• Stored data
▬▬▬

definition k_tree :: "nat \<Rightarrow> 'a set \<Rightarrow> ('a \<Rightarrow> 'a \<Rightarrow> bool) \<Rightarrow> bool" where
  "k_tree k V E \<longleftrightarrow> simple_graph V E \<and>
     (\<exists>phi :: 'a \<Rightarrow> nat. bij_betw phi V {1..card V} \<and>
        (\<forall>v\<in>V. let P = {u \<in> neighbours V E v. phi u < phi v} in
            is_clique E P \<and> card P = min k (phi v - 1)))"

end

(* Fix an ordering witnessing the k-tree. Call its first k + 1 vertices the root (they form a
   clique), and call c a child of u if c lies outside the root and u is one of the k earlier
   neighbours of c. Every vertex has k neighbours that are not its children, so a vertex of
   degree at most k has no child and one of degree k + 1 at most one.
   For the configuration v, w, x, y let B = {v, w, x, y} and let S be the union of the root and
   the children of v and w. Then S contains every child of a vertex of B and has at most
   k + 3 < |V| elements. The first vertex outside S has k earlier neighbours; they lie in S but
   not in B, since otherwise that vertex would be in S as a child. So |S - B| >= k. On the
   other hand, whether one of v, w is the parent of the other or both lie in the root, enough
   of B lies in S to force |S - B| <= k - 1. *)

theory Submission
  imports Defs
begin

text \<open>Only the sizes of the earlier neighbourhoods in a k-tree ordering matter below.\<close>

locale k_ordering =
  fixes k :: nat and V :: "'a set" and E :: "'a \<Rightarrow> 'a \<Rightarrow> bool" and phi :: "'a \<Rightarrow> nat"
  assumes simple: "simple_graph V E"
    and bij: "bij_betw phi V {1..card V}"
    and card_earlier_neighbours:
      "\<And>v. v \<in> V \<Longrightarrow> card {u \<in> neighbours V E v. phi u < phi v} = min k (phi v - 1)"
begin

definition earlier_nbrs :: "'a \<Rightarrow> 'a set" where
  "earlier_nbrs v = {u \<in> neighbours V E v. phi u < phi v}"

definition root :: "'a set" where
  "root = {u \<in> V. phi u \<le> k + 1}"

definition children :: "'a \<Rightarrow> 'a set" where
  "children u = {c \<in> V. k + 2 \<le> phi c \<and> E u c \<and> phi u < phi c}"

lemma finite_V: "finite V"
  using simple by (simp add: simple_graph_def)

lemma edge_in_V: "E u v \<Longrightarrow> u \<in> V \<and> v \<in> V"
  using simple by (simp add: simple_graph_def)

lemma edge_sym: "E u v \<Longrightarrow> E v u"
  using simple by (simp add: simple_graph_def)

lemma edge_irrefl: "\<not> E v v"
  using simple by (simp add: simple_graph_def)

lemma phi_inj: "u \<in> V \<Longrightarrow> w \<in> V \<Longrightarrow> phi u = phi w \<Longrightarrow> u = w"
  using bij by (auto simp: bij_betw_def dest: inj_onD)

lemma card_earlier_nbrs: "v \<in> V \<Longrightarrow> card (earlier_nbrs v) = min k (phi v - 1)"
  by (simp add: earlier_nbrs_def card_earlier_neighbours)

lemma mem_earlier_nbrs: "u \<in> earlier_nbrs v \<longleftrightarrow> u \<in> V \<and> E v u \<and> phi u < phi v"
  by (auto simp: earlier_nbrs_def neighbours_def)

lemma mem_root: "u \<in> root \<longleftrightarrow> u \<in> V \<and> phi u \<le> k + 1"
  by (simp add: root_def)

lemma mem_children: "c \<in> children u \<longleftrightarrow> c \<in> V \<and> k + 2 \<le> phi c \<and> E u c \<and> phi u < phi c"
  by (simp add: children_def)

lemma card_phi_less:
  assumes "i \<le> card V + 1"
  shows "card {z \<in> V. phi z < i} = i - 1"
proof -
  have "phi ` {z \<in> V. phi z < i} = {1..<i}"
    using bij assms by (force simp: bij_betw_def)
  moreover have "inj_on phi {z \<in> V. phi z < i}"
    using bij by (auto simp: bij_betw_def intro: inj_on_subset)
  ultimately show ?thesis
    by (metis card_atLeastLessThan card_image)
qed

lemma card_root: "k + 1 \<le> card V \<Longrightarrow> card root = k + 1"
  using card_phi_less[of "k + 2"] by (simp add: root_def less_Suc_eq_le)

lemma earlier_nbrs_eq_earlier:
  assumes "u \<in> V" "phi u \<le> k + 1"
  shows "earlier_nbrs u = {z \<in> V. phi z < phi u}"
proof (rule card_subset_eq)
  show "earlier_nbrs u \<subseteq> {z \<in> V. phi z < phi u}"
    by (auto simp: mem_earlier_nbrs)
  have "phi u \<le> card V"
    using assms(1) bij by (auto simp: bij_betw_def)
  then show "card (earlier_nbrs u) = card {z \<in> V. phi z < phi u}"
    using assms card_earlier_nbrs card_phi_less[of "phi u"] by simp
qed (use finite_V in simp)

lemma root_adjacent:
  assumes "a \<in> root" "b \<in> root" "a \<noteq> b"
  shows "E a b"
proof -
  have later_adjacent: "E b a" if "a \<in> root" "b \<in> root" "phi a < phi b" for a b
  proof -
    have "a \<in> earlier_nbrs b"
      using that earlier_nbrs_eq_earlier[of b] by (simp add: mem_root)
    then show ?thesis
      by (simp add: mem_earlier_nbrs)
  qed
  have "phi a \<noteq> phi b"
    using assms phi_inj by (auto simp: mem_root)
  then have "phi a < phi b \<or> phi b < phi a"
    by linarith
  then show ?thesis
    using later_adjacent[of a b] later_adjacent[of b a] assms edge_sym by blast
qed

lemma adjacent_cases:
  assumes "E u z"
  shows "z \<in> children u \<or> u \<in> children z \<or> (u \<in> root \<and> z \<in> root)"
proof -
  have "u \<in> V" "z \<in> V" "phi u \<noteq> phi z"
    using assms edge_in_V edge_irrefl phi_inj by blast+
  then show ?thesis
    using assms edge_sym by (auto simp: mem_children mem_root)
qed

lemma children_root_disjoint: "c \<in> children u \<Longrightarrow> c \<notin> root"
  by (simp add: mem_children mem_root)

lemma finite_root: "finite root"
  using finite_V by (simp add: root_def)

lemma finite_children: "finite (children u)"
  using finite_V by (simp add: children_def)
(*
  At (alpha, beta, gamma) = (0, 4, 0) the recurrence collapses to
  (n+1) c_(n+1) = (2n-1-2r) c_(n-1) - (n-2-2r) c_(n-3), which is solved by the
  coefficients of (1 - t^2)^(r - 1/2): c_(2j) = (-1)^j binom(r - 1/2, j) and c_n = 0 for odd n.
  Hence the Toeplitz matrix (c_(N+j-i)), N = k + 2r - 1, vanishes off a checkerboard, and
  ordering rows by parity and columns by the parity of N + j makes it block diagonal. Each
  block is a Toeplitz matrix of signed binomials binom(x, b+j-i) with x = r - 1/2; multiplying
  it by the Pascal matrix and using Vandermonde's convolution shows that its determinant is
  +-prod_i binom(x+i, b) / prod_j binom(b+j, b). For p > k + 2r - 2 every binom(x+i, b) is a
  product of numbers (odd integer of absolute value < p)/2 divided by b! with b < p, and every
  binom(b+j, b) has b + j < p, so all factors are p-adic units.
*)

theory Submission
  imports Defs "HOL-Computational_Algebra.Formal_Power_Series" "HOL-Computational_Algebra.Primes"
begin

section \<open>Units of the localisation of the integers at p\<close>

text \<open>Unlike \<open>nonzero_mod\<close>, this notion does not refer to the reduced fraction, so it is
  visibly closed under products and quotients.\<close>

definition p_unit :: "nat \<Rightarrow> rat \<Rightarrow> bool" where
  "p_unit p x \<longleftrightarrow> (\<exists>u v. x = of_int u / of_int v \<and> \<not> int p dvd u \<and> \<not> int p dvd v)"

lemma p_unit_imp_nonzero_mod:
  assumes p: "prime p" and x: "p_unit p x"
  shows "nonzero_mod p x"
proof -
  obtain u v where uv: "x = of_int u / of_int v" "\<not> int p dvd u" "\<not> int p dvd v"
    using x unfolding p_unit_def by blast
  obtain a b where q: "quotient_of x = (a, b)" by fastforce
  have "v \<noteq> 0" using uv(3) by auto
  then have "u * b = a * v"
    using uv(1) quotient_of_div[OF q] quotient_of_denom_pos[OF q]
    by (simp add: frac_eq_eq) (metis of_int_eq_iff of_int_mult mult.commute)
  moreover have p_int: "prime (int p)" using p by simp
  ultimately have "int p dvd a \<longleftrightarrow> int p dvd b"
    using uv(2,3) by (metis prime_dvd_mult_iff)
  moreover have "\<not> (int p dvd a \<and> int p dvd b)"
    using quotient_of_coprime[OF q] p_int by (meson coprime_common_divisor not_prime_unit)
  ultimately show ?thesis unfolding nonzero_mod_def q by auto
qed

lemma p_unit_mult:
  assumes "prime p" "p_unit p x" "p_unit p y"
  shows "p_unit p (x * y)"
proof -
  obtain u v where "x = of_int u / of_int v" "\<not> int p dvd u" "\<not> int p dvd v"
    using assms(2) unfolding p_unit_def by blast
  moreover obtain u' v' where "y = of_int u' / of_int v'" "\<not> int p dvd u'" "\<not> int p dvd v'"
    using assms(3) unfolding p_unit_def by blast
  moreover have "prime (int p)" using assms(1) by simp
  ultimately show ?thesis
    unfolding p_unit_def by (intro exI[of _ "u * u'"] exI[of _ "v * v'"]) (simp add: prime_dvd_mult_iff)
qed

lemma p_unit_inverse: "p_unit p x \<Longrightarrow> p_unit p (inverse x)"
  unfolding p_unit_def by (metis inverse_divide)

lemma p_unit_divide: "prime p \<Longrightarrow> p_unit p x \<Longrightarrow> p_unit p y \<Longrightarrow> p_unit p (x / y)"
  by (simp add: divide_inverse p_unit_mult p_unit_inverse)

lemma p_unit_of_int:
  assumes "prime p" "z \<noteq> 0" "\<bar>z\<bar> < int p"
  shows "p_unit p (of_int z)"
proof -
  have "\<not> int p dvd z"
  proof
    assume "int p dvd z"
    then have "\<bar>int p\<bar> \<le> \<bar>z\<bar>" using dvd_imp_le_int assms(2) by blast
    then show False using assms(3) by simp
  qed
  moreover have "\<not> int p dvd 1" using prime_gt_1_nat[OF assms(1)] by simp
  ultimately show ?thesis unfolding p_unit_def by (intro exI[of _ z] exI[of _ 1]) simp
qed

lemma p_unit_one: "prime p \<Longrightarrow> p_unit p 1"
  using p_unit_of_int[of p 1] prime_gt_1_nat[of p] by simp

lemma p_unit_prod:
  assumes "prime p" "\<And>i. i \<in> A \<Longrightarrow> p_unit p (f i)"
  shows "p_unit p (\<Prod>i\<in>A. f i)"
  using assms(2)
proof (induction A rule: infinite_finite_induct)
  case (insert i A)
  then show ?case by (simp add: p_unit_mult assms(1))
qed (simp_all add: p_unit_one assms(1))

lemma p_unit_minus_one_power: "prime p \<Longrightarrow> p_unit p ((-1) ^ n)"
  using p_unit_of_int[of p 1] p_unit_of_int[of p "-1"] prime_gt_1_nat[of p]
  by (cases "even n") simp_all

lemma p_unit_signof: "prime p \<Longrightarrow> p_unit p (signof \<sigma>)"
  using p_unit_of_int[of p 1] p_unit_of_int[of p "-1"] prime_gt_1_nat[of p]
  by (cases \<sigma> rule: sign_cases) simp_all

lemma p_unit_of_nat_not_dvd: "prime p \<Longrightarrow> \<not> p dvd n \<Longrightarrow> p_unit p (of_nat n)"
  using p_unit_of_int[of p 1] prime_gt_1_nat[of p] unfolding p_unit_def
  by (intro exI[of _ "int n"] exI[of _ 1]) auto

lemma p_unit_fact: "prime p \<Longrightarrow> n < p \<Longrightarrow> p_unit p (fact n)"
  by (metis of_nat_fact p_unit_of_nat_not_dvd prime_dvd_fact_iff not_le)

lemma p_unit_binomial:
  assumes "prime p" "k \<le> n" "n < p"
  shows "p_unit p (of_nat (n choose k))"
proof -
  have "fact k * fact (n - k) * (n choose k) = fact n" using binomial_fact_lemma[OF assms(2)] .
  moreover have "\<not> p dvd fact n" using prime_dvd_fact_iff[OF assms(1)] assms(3) by simp
  ultimately have "\<not> p dvd (n choose k)" by (metis dvd_mult)
  then show ?thesis using p_unit_of_nat_not_dvd assms(1) by blast
qed

lemma p_unit_gbinomial_half:
  assumes p: "prime p" "odd p" and a: "odd a" and "b < p"
    and small: "\<And>t. t < b \<Longrightarrow> \<bar>a - 2 * int t\<bar> < int p"
  shows "p_unit p ((of_int a / 2) gchoose b)"
proof -
  have "(of_int a / 2 :: rat) gchoose b = (\<Prod>t = 0..<b. of_int a / 2 - of_nat t) / fact b"
    by (simp add: gbinomial_prod_rev)
  also have "\<dots> = (\<Prod>t = 0..<b. of_int (a - 2 * int t) / 2) / fact b"
    by (intro arg_cong2[where f = "(/)"] prod.cong) (simp_all add: field_simps)
  finally have "(of_int a / 2 :: rat) gchoose b = (\<Prod>t = 0..<b. of_int (a - 2 * int t) / 2) / fact b" .
  moreover have "p_unit p (of_int (a - 2 * int t) / 2)" if "t < b" for t
  proof (rule p_unit_divide[OF p(1)])
    have "a - 2 * int t \<noteq> 0" using a by presburger
    then show "p_unit p (of_int (a - 2 * int t))" using p_unit_of_int[OF p(1)] small[OF that] by blast
    have "2 < p" using prime_ge_2_nat[OF p(1)] p(2) by (cases "p = 2") auto
    then show "p_unit p (2 :: rat)" using p_unit_of_int[OF p(1), of 2] by simp
  qed
  then have "p_unit p (\<Prod>t = 0..<b. of_int (a - 2 * int t) / 2)"
    by (intro p_unit_prod[OF p(1)]) simp
  ultimately show ?thesis
    using p_unit_divide[OF p(1) _ p_unit_fact[OF p(1) \<open>b < p\<close>]] by simp
qed

section \<open>Determinants of permuted block-diagonal matrices\<close>

lemma det_scale_rows_cols:
  fixes M :: "'a :: comm_ring_1 mat"
  assumes M: "M \<in> carrier_mat n n"
  shows "det (mat n n (\<lambda>(i,j). f i * g j * M $$ (i,j))) = (\<Prod>i<n. f i) * (\<Prod>j<n. g j) * det M"
proof -
  have "det (mat n n (\<lambda>(i,j). f i * g j * M $$ (i,j))) =
    (\<Sum>\<pi> | \<pi> permutes {0..<n}. signof \<pi> * (\<Prod>i = 0..<n. f i * g (\<pi> i) * M $$ (i, \<pi> i)))"
    by (subst det_def'[of _ n]) (auto intro!: sum.cong prod.cong simp: permutes_in_image)
  also have "\<dots> = (\<Sum>\<pi> | \<pi> permutes {0..<n}.
      (\<Prod>i<n. f i) * (\<Prod>j<n. g j) * (signof \<pi> * (\<Prod>i = 0..<n. M $$ (i, \<pi> i))))"
  proof (rule sum.cong[OF refl])
    fix \<pi> assume "\<pi> \<in> {\<pi>. \<pi> permutes {0..<n}}"
    then have "(\<Prod>i = 0..<n. g (\<pi> i)) = (\<Prod>i = 0..<n. g i)"
      using prod.permute[of \<pi> "{0..<n}" g] by (simp add: comp_def)
    then show "signof \<pi> * (\<Prod>i = 0..<n. f i * g (\<pi> i) * M $$ (i, \<pi> i)) =
      (\<Prod>i<n. f i) * (\<Prod>j<n. g j) * (signof \<pi> * (\<Prod>i = 0..<n. M $$ (i, \<pi> i)))"
      by (simp add: prod.distrib atLeast0LessThan)
  qed
  also have "\<dots> = (\<Prod>i<n. f i) * (\<Prod>j<n. g j) * det M"
    by (subst det_def'[OF M]) (simp add: sum_distrib_left)
  finally show ?thesis .
qed

lemma det_permute_rows_cols:
  fixes A :: "'a :: comm_ring_1 mat"
  assumes A: "A \<in> carrier_mat n n" and \<sigma>: "\<sigma> permutes {0..<n}" and \<tau>: "\<tau> permutes {0..<n}"
  shows "det (mat n n (\<lambda>(i,j). A $$ (\<sigma> i, \<tau> j))) = signof \<sigma> * signof \<tau> * det A"
proof -
  define B where "B = mat n n (\<lambda>(i,j). A $$ (\<sigma> i, j))"
  have B: "B \<in> carrier_mat n n" unfolding B_def by simp
  have perm_less: "\<sigma> i < n" "\<tau> i < n" if "i < n" for i
    using that permutes_in_image[OF \<sigma>] permutes_in_image[OF \<tau>] by auto
  define C where "C = mat n n (\<lambda>(j,i). transpose_mat B $$ (\<tau> j, i))"
  have "mat n n (\<lambda>(i,j). A $$ (\<sigma> i, \<tau> j)) = transpose_mat C"
    by (rule eq_matI) (auto simp: B_def C_def perm_less)
  then have "det (mat n n (\<lambda>(i,j). A $$ (\<sigma> i, \<tau> j))) = det C"
    using det_transpose[of C n] by (simp add: C_def)
  also have "\<dots> = signof \<tau> * det (transpose_mat B)"
    unfolding C_def using B by (intro det_permute_rows[OF _ \<tau>]) simp
  also have "\<dots> = signof \<tau> * (signof \<sigma> * det A)"
    using det_transpose[OF B] det_permute_rows[OF A \<sigma>] by (simp add: B_def)
  finally show ?thesis by simp
qed

lemma det_permuted_block_diagonal:
  fixes A :: "'a :: idom mat"
  assumes A: "A \<in> carrier_mat k k" and \<sigma>: "\<sigma> permutes {0..<k}" and \<tau>: "\<tau> permutes {0..<k}"
    and B: "B \<in> carrier_mat h h" and C: "C \<in> carrier_mat (k - h) (k - h)" and "h \<le> k"
    and blocks: "\<And>i j. i < k \<Longrightarrow> j < k \<Longrightarrow> A $$ (\<sigma> i, \<tau> j) =
      (if i < h then if j < h then B $$ (i, j) else 0 else if j < h then 0 else C $$ (i - h, j - h))"
  shows "det A = signof \<sigma> * signof \<tau> * det B * det C"
proof -
  have "mat k k (\<lambda>(i,j). A $$ (\<sigma> i, \<tau> j)) = four_block_mat B (0\<^sub>m h (k - h)) (0\<^sub>m (k - h) h) C"
    by (rule eq_matI) (use B C \<open>h \<le> k\<close> in \<open>simp_all add: blocks\<close>)
  then have block_det: "signof \<sigma> * signof \<tau> * det A = det B * det C"
    using det_permute_rows_cols[OF A \<sigma> \<tau>] det_four_block_mat_upper_right_zero[OF B refl _ C] by simp
  have sign_square: "signof \<pi> * signof \<pi> = (1 :: 'a)" for \<pi> :: "nat \<Rightarrow> nat"
    by (simp add: sign_def)
  have "det A = (signof \<sigma> * signof \<sigma>) * (signof \<tau> * signof \<tau>) * det A"
    by (simp only: sign_square mult_1)
  also have "\<dots> = signof \<sigma> * signof \<tau> * (signof \<sigma> * signof \<tau> * det A)"
    by (simp only: mult_ac)
  also have "\<dots> = signof \<sigma> * signof \<tau> * (det B * det C)"
    by (simp only: block_det)
  finally show ?thesis by (simp only: mult.assoc)
qed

▬▬▬

• WHAT TO DO
In the data above, retype exactly and only the lines between the one holding "k \<Longrightarrow> j" and the one holding "by (simp only: sign_square mult_1)", inclusive.

• SOLUTION TO THE PROBLEM
    and blocks: "\<And>i j. i < k \<Longrightarrow> j < k \<Longrightarrow> A $$ (\<sigma> i, \<tau> j) =
      (if i < h then if j < h then B $$ (i, j) else 0 else if j < h then 0 else C $$ (i - h, j - h))"
  shows "det A = signof \<sigma> * signof \<tau> * det B * det C"
proof -
  have "mat k k (\<lambda>(i,j). A $$ (\<sigma> i, \<tau> j)) = four_block_mat B (0\<^sub>m h (k - h)) (0\<^sub>m (k - h) h) C"
    by (rule eq_matI) (use B C \<open>h \<le> k\<close> in \<open>simp_all add: blocks\<close>)
  then have block_det: "signof \<sigma> * signof \<tau> * det A = det B * det C"
    using det_permute_rows_cols[OF A \<sigma> \<tau>] det_four_block_mat_upper_right_zero[OF B refl _ C] by simp
  have sign_square: "signof \<pi> * signof \<pi> = (1 :: 'a)" for \<pi> :: "nat \<Rightarrow> nat"
    by (simp add: sign_def)
  have "det A = (signof \<sigma> * signof \<sigma>) * (signof \<tau> * signof \<tau>) * det A"
    by (simp only: sign_square mult_1)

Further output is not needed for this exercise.